## WHAT YOU NEED TO DO
Beginning at the top of the material, repeat each line exactly, and stop once the line with "infsum (\<lambda>k. fst" has been written.

## EXTRACTED DATA
(* Let $\alpha>3$ be an integer, and let $u\in\mathcal{D}(A^{\alpha/2})$, $v\in\mathcal{D}(A^{(\alpha+1)/2})$, $w\in\mathcal{D}(A^{\alpha})$. Then $$|(B(u,v),A^\alpha w)|\le 2^\alpha c_A\Big(|u|^{1/2}|Au|^{1/2}|A^{\frac{1+\alpha}{2}}v|+|A^{\alpha/2}u|\,|A^{1/2}v|^{1/2}|A^{3/2}v|^{1/2}\Big)|A^{\alpha/2}w|.$$
   Context: $H$ is the closure in $L^2([0,L]^2)^2$ of the $\mathbb{R}^2$-valued $[0,L]^2$-periodic trigonometric polynomials $v$ with $\nabla\cdot v=0$ and zero mean, with $L^2$ inner product $(\cdot,\cdot)$ and norm $|\cdot|$; $A=-\Delta$ is the Stokes operator with spectrally defined powers and domains $\mathcal{D}(A^\sigma)$; $B(u,v)=\mathcal{P}((u\cdot\nabla)v)$ with $\mathcal{P}$ the Leray projection. $c_A$ is an absolute constant for which the Agmon inequality $|u|_{L^\infty}\le c_A|u|^{1/2}|Au|^{1/2}$ holds for periodic mean-zero functions $u$ in the domain of $A=-\Delta$. *)

theory Defs
  imports "HOL-Analysis.Analysis"
begin

text \<open>
Fourier representation on the torus [0,L]^2. A (possibly complex) periodic
R^2-valued field f is represented by its Fourier coefficients
c :: int*int => complex*complex, f(x) = sum_k c k * exp(2 pi i k.x / L).
\<close>

type_synonym coef = "int \<times> int \<Rightarrow> complex \<times> complex"

definition lam :: "real \<Rightarrow> int \<times> int \<Rightarrow> real" where
  "lam L k = (2 * pi / L)^2 * (real_of_int (fst k)^2 + real_of_int (snd k)^2)"

text \<open>Spectral powers of the Stokes operator A = -Delta.\<close>
definition Apow :: "real \<Rightarrow> real \<Rightarrow> coef \<Rightarrow> coef" where
  "Apow L s c = (\<lambda>k. (lam L k powr s) *\<^sub>R c k)"

definition sq_summable :: "coef \<Rightarrow> bool" where
  "sq_summable c \<longleftrightarrow> (\<lambda>k. (norm (c k))^2) summable_on UNIV"

text \<open>L^2([0,L]^2) norm (Parseval; |e_k|_{L^2}^2 = L^2).\<close>
definition hnorm :: "real \<Rightarrow> coef \<Rightarrow> real" where
  "hnorm L c = sqrt (L^2 * infsum (\<lambda>k. (norm (c k))^2) UNIV)"

text \<open>L^2 inner product (f,g) = integral of f.conj g over [0,L]^2.\<close>
definition l2inner :: "real \<Rightarrow> coef \<Rightarrow> coef \<Rightarrow> complex" where
  "l2inner L f g = complex_of_real (L^2) *
     infsum (\<lambda>k. fst (f k) * cnj (fst (g k)) + snd (f k) * cnj (snd (g k))) UNIV"

definition real_valued :: "coef \<Rightarrow> bool" where
  "real_valued c \<longleftrightarrow> (\<forall>a b. c (-a, -b) = (cnj (fst (c (a, b))), cnj (snd (c (a, b)))))"

text \<open>Membership in H: L^2, zero mean, divergence free, real valued.\<close>
definition inH :: "coef \<Rightarrow> bool" where
  "inH c \<longleftrightarrow> sq_summable c \<and> c (0, 0) = (0, 0) \<and> real_valued c \<and>
     (\<forall>k. of_int (fst k) * fst (c k) + of_int (snd k) * snd (c k) = 0)"

definition inDom :: "real \<Rightarrow> real \<Rightarrow> coef \<Rightarrow> bool" where
  "inDom L s c \<longleftrightarrow> inH c \<and> sq_summable (Apow L s c)"

definition ef :: "real \<Rightarrow> int \<times> int \<Rightarrow> real \<times> real \<Rightarrow> complex" where
  "ef L k x = exp (2 * pi * \<i> * complex_of_real
       ((real_of_int (fst k) * fst x + real_of_int (snd k) * snd x) / L))"

definition feval :: "real \<Rightarrow> coef \<Rightarrow> real \<times> real \<Rightarrow> complex \<times> complex" where
  "feval L c x = (infsum (\<lambda>k. ef L k x * fst (c k)) UNIV,
                  infsum (\<lambda>k. ef L k x * snd (c k)) UNIV)"

definition agmon_const :: "real \<Rightarrow> real \<Rightarrow> bool" where
  "agmon_const L cA \<longleftrightarrow>
     (\<forall>c. c (0, 0) = (0, 0) \<and> real_valued c \<and> sq_summable c \<and> sq_summable (Apow L 1 c) \<longrightarrow>
        (\<forall>x. norm (feval L c x) \<le> cA * sqrt (hnorm L c) * sqrt (hnorm L (Apow L 1 c))))"

text \<open>Fourier coefficients of (u.grad) v:
  sum over j + l = k of (sum_m u_m(j) * (2 pi i l_m / L)) * v(l).\<close>
definition advect :: "real \<Rightarrow> coef \<Rightarrow> coef \<Rightarrow> coef" where
  "advect L u v k =
    (let a = (\<lambda>j. let l = (fst k - fst j, snd k - snd j) in
               (fst (u j) * (2 * pi * \<i> * of_int (fst l) / L)
                + snd (u j) * (2 * pi * \<i> * of_int (snd l) / L), v l))
     in (infsum (\<lambda>j. fst (a j) * fst (snd (a j))) UNIV,
         infsum (\<lambda>j. fst (a j) * snd (snd (a j))) UNIV))"

definition leray :: "coef \<Rightarrow> coef" where
  "leray f k = (if k = (0, 0) then (0, 0) else
     (let p = (of_int (fst k) * fst (f k) + of_int (snd k) * snd (f k))
              / of_int ((fst k)^2 + (snd k)^2)
      in (fst (f k) - p * of_int (fst k), snd (f k) - p * of_int (snd k))))"

definition Bop :: "real \<Rightarrow> coef \<Rightarrow> coef \<Rightarrow> coef" where
  "Bop L u v = leray (advect L u v)"

end

theory Submission
  imports Defs
begin

text \<open>
  The estimate is proved on the Fourier side, with \<open>\<kappa>(k) = \<lambda>(k)\<^sup>1\<^sup>/\<^sup>2 = (2\<pi>/L)|k|\<close>.
  The Leray projection does not increase any Fourier coefficient, so the \<open>k\<close>-th coefficient of
  \<open>B(u,v)\<close> is bounded by the convolution \<open>\<Sum>j. |u(j)| \<kappa>(k-j) |v(k-j)|\<close> of the moduli of \<open>u\<close> and
  \<open>A\<^sup>1\<^sup>/\<^sup>2v\<close>. Writing \<open>A\<^sup>\<alpha> w = A\<^sup>\<alpha>\<^sup>/\<^sup>2 A\<^sup>\<alpha>\<^sup>/\<^sup>2 w\<close> puts the weight \<open>\<kappa>(k)\<^sup>\<alpha>\<close> on this convolution, and
  the triangle inequality \<open>\<kappa>(k) \<le> \<kappa>(j) + \<kappa>(k-j)\<close> gives
  \<open>\<kappa>(k)\<^sup>\<alpha> \<le> 2\<^sup>\<alpha> (\<kappa>(j)\<^sup>\<alpha> + \<kappa>(k-j)\<^sup>\<alpha>)\<close>, moving the weight onto one of the two factors.
  Each of the two resulting terms is an \<open>\<ell>\<^sup>1 * \<ell>\<^sup>2\<close> convolution tested against an \<open>\<ell>\<^sup>2\<close>
  sequence, bounded by Young's and the Cauchy-Schwarz inequality. The \<open>\<ell>\<^sup>1\<close> norms of the
  coefficients of \<open>u\<close> and \<open>A\<^sup>1\<^sup>/\<^sup>2v\<close> come from Agmon's inequality: applied to the real function
  whose coefficients are \<open>|c(k)|\<close> and evaluated at the origin, it bounds \<open>\<Sum>k. |c(k)|\<close> by
  \<open>c\<^sub>A |c|\<^sup>1\<^sup>/\<^sup>2 |Ac|\<^sup>1\<^sup>/\<^sup>2\<close>.
\<close>

section \<open>Sums and convolutions over an abelian group\<close>

lemma has_sum_finite_sum:
  fixes h :: "'i \<Rightarrow> 'a \<Rightarrow> 'b::topological_comm_monoid_add"
  assumes "finite I" and "\<And>i. i \<in> I \<Longrightarrow> (h i has_sum s i) A"
  shows "((\<lambda>x. \<Sum>i\<in>I. h i x) has_sum (\<Sum>i\<in>I. s i)) A"
  using assms by (induction I rule: finite_induct) (auto intro: has_sum_add)

lemma nonneg_bounded_sums_summable_on:
  fixes f :: "'a \<Rightarrow> real"
  assumes "\<And>x. f x \<ge> 0" and "\<And>F. finite F \<Longrightarrow> sum f F \<le> B"
  shows "f summable_on UNIV" and "(\<Sum>\<^sub>\<infinity>x. f x) \<le> B"
proof -
  show sf: "f summable_on UNIV"
    using assms by (intro nonneg_bdd_above_summable_on bdd_aboveI) auto
  show "(\<Sum>\<^sub>\<infinity>x. f x) \<le> B"
    by (rule infsum_le_finite_sums[OF sf]) (use assms in auto)
qed

lemma le_sqrt_infsum_power2:
  fixes g :: "'a \<Rightarrow> real"
  assumes "(\<lambda>x. (g x)\<^sup>2) summable_on UNIV"
  shows "g x \<le> sqrt (\<Sum>\<^sub>\<infinity>y. (g y)\<^sup>2)"
proof -
  have "(g x)\<^sup>2 \<le> (\<Sum>\<^sub>\<infinity>y. (g y)\<^sup>2)"
    using finite_sum_le_infsum[OF assms, of "{x}"] by simp
  then show ?thesis by (rule real_le_rsqrt)
qed

definition convolution :: "('a::ab_group_add \<Rightarrow> real) \<Rightarrow> ('a \<Rightarrow> real) \<Rightarrow> 'a \<Rightarrow> real" where
  "convolution f g k = (\<Sum>\<^sub>\<infinity>j. f j * g (k - j))"

lemma bij_betw_diff_left: "bij_betw (\<lambda>j. k - j) UNIV (UNIV :: 'a::ab_group_add set)"
  by (rule bij_betwI[where g="\<lambda>j. k - j"]) auto

lemma summable_on_convolution_commute:
  fixes f g :: "'a::ab_group_add \<Rightarrow> real"
  shows "(\<lambda>j. f j * g (k - j)) summable_on UNIV \<longleftrightarrow> (\<lambda>j. g j * f (k - j)) summable_on UNIV"
proof -
  from summable_on_reindex_bij_betw[OF bij_betw_diff_left[of k], of "\<lambda>j. f j * g (k - j)"]
  show ?thesis by (simp add: mult.commute)
qed

lemma convolution_commute: "convolution f g = convolution g f"
proof
  fix k
  from infsum_reindex_bij_betw[OF bij_betw_diff_left[of k], of "\<lambda>j. f j * g (k - j)"]
  show "convolution f g k = convolution g f k"
    unfolding convolution_def by (simp add: mult.commute)
qed

lemma summable_on_convolution:
  fixes f g :: "'a::ab_group_add \<Rightarrow> real"
  assumes "f summable_on UNIV" and "\<And>x. f x \<ge> 0" and "\<And>x. g x \<ge> 0" and "\<And>x. g x \<le> C"
  shows "(\<lambda>j. f j * g (k - j)) summable_on UNIV"
proof (rule summable_on_comparison_test)
  show "(\<lambda>j. f j * C) summable_on UNIV" using assms(1) by (rule summable_on_cmult_left)
  show "f j * g (k - j) \<le> f j * C" for j using assms by (simp add: mult_left_mono)
  show "0 \<le> f j * g (k - j)" for j using assms by simp
qed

## WORKED SOLUTION
(* Let $\alpha>3$ be an integer, and let $u\in\mathcal{D}(A^{\alpha/2})$, $v\in\mathcal{D}(A^{(\alpha+1)/2})$, $w\in\mathcal{D}(A^{\alpha})$. Then $$|(B(u,v),A^\alpha w)|\le 2^\alpha c_A\Big(|u|^{1/2}|Au|^{1/2}|A^{\frac{1+\alpha}{2}}v|+|A^{\alpha/2}u|\,|A^{1/2}v|^{1/2}|A^{3/2}v|^{1/2}\Big)|A^{\alpha/2}w|.$$
   Context: $H$ is the closure in $L^2([0,L]^2)^2$ of the $\mathbb{R}^2$-valued $[0,L]^2$-periodic trigonometric polynomials $v$ with $\nabla\cdot v=0$ and zero mean, with $L^2$ inner product $(\cdot,\cdot)$ and norm $|\cdot|$; $A=-\Delta$ is the Stokes operator with spectrally defined powers and domains $\mathcal{D}(A^\sigma)$; $B(u,v)=\mathcal{P}((u\cdot\nabla)v)$ with $\mathcal{P}$ the Leray projection. $c_A$ is an absolute constant for which the Agmon inequality $|u|_{L^\infty}\le c_A|u|^{1/2}|Au|^{1/2}$ holds for periodic mean-zero functions $u$ in the domain of $A=-\Delta$. *)

theory Defs
  imports "HOL-Analysis.Analysis"
begin

text \<open>
Fourier representation on the torus [0,L]^2. A (possibly complex) periodic
R^2-valued field f is represented by its Fourier coefficients
c :: int*int => complex*complex, f(x) = sum_k c k * exp(2 pi i k.x / L).
\<close>

type_synonym coef = "int \<times> int \<Rightarrow> complex \<times> complex"

definition lam :: "real \<Rightarrow> int \<times> int \<Rightarrow> real" where
  "lam L k = (2 * pi / L)^2 * (real_of_int (fst k)^2 + real_of_int (snd k)^2)"

text \<open>Spectral powers of the Stokes operator A = -Delta.\<close>
definition Apow :: "real \<Rightarrow> real \<Rightarrow> coef \<Rightarrow> coef" where
  "Apow L s c = (\<lambda>k. (lam L k powr s) *\<^sub>R c k)"

definition sq_summable :: "coef \<Rightarrow> bool" where
  "sq_summable c \<longleftrightarrow> (\<lambda>k. (norm (c k))^2) summable_on UNIV"

text \<open>L^2([0,L]^2) norm (Parseval; |e_k|_{L^2}^2 = L^2).\<close>
definition hnorm :: "real \<Rightarrow> coef \<Rightarrow> real" where
  "hnorm L c = sqrt (L^2 * infsum (\<lambda>k. (norm (c k))^2) UNIV)"

text \<open>L^2 inner product (f,g) = integral of f.conj g over [0,L]^2.\<close>
definition l2inner :: "real \<Rightarrow> coef \<Rightarrow> coef \<Rightarrow> complex" where
  "l2inner L f g = complex_of_real (L^2) *
     infsum (\<lambda>k. fst (f k) * cnj (fst (g k)) + snd (f k) * cnj (snd (g k))) UNIV"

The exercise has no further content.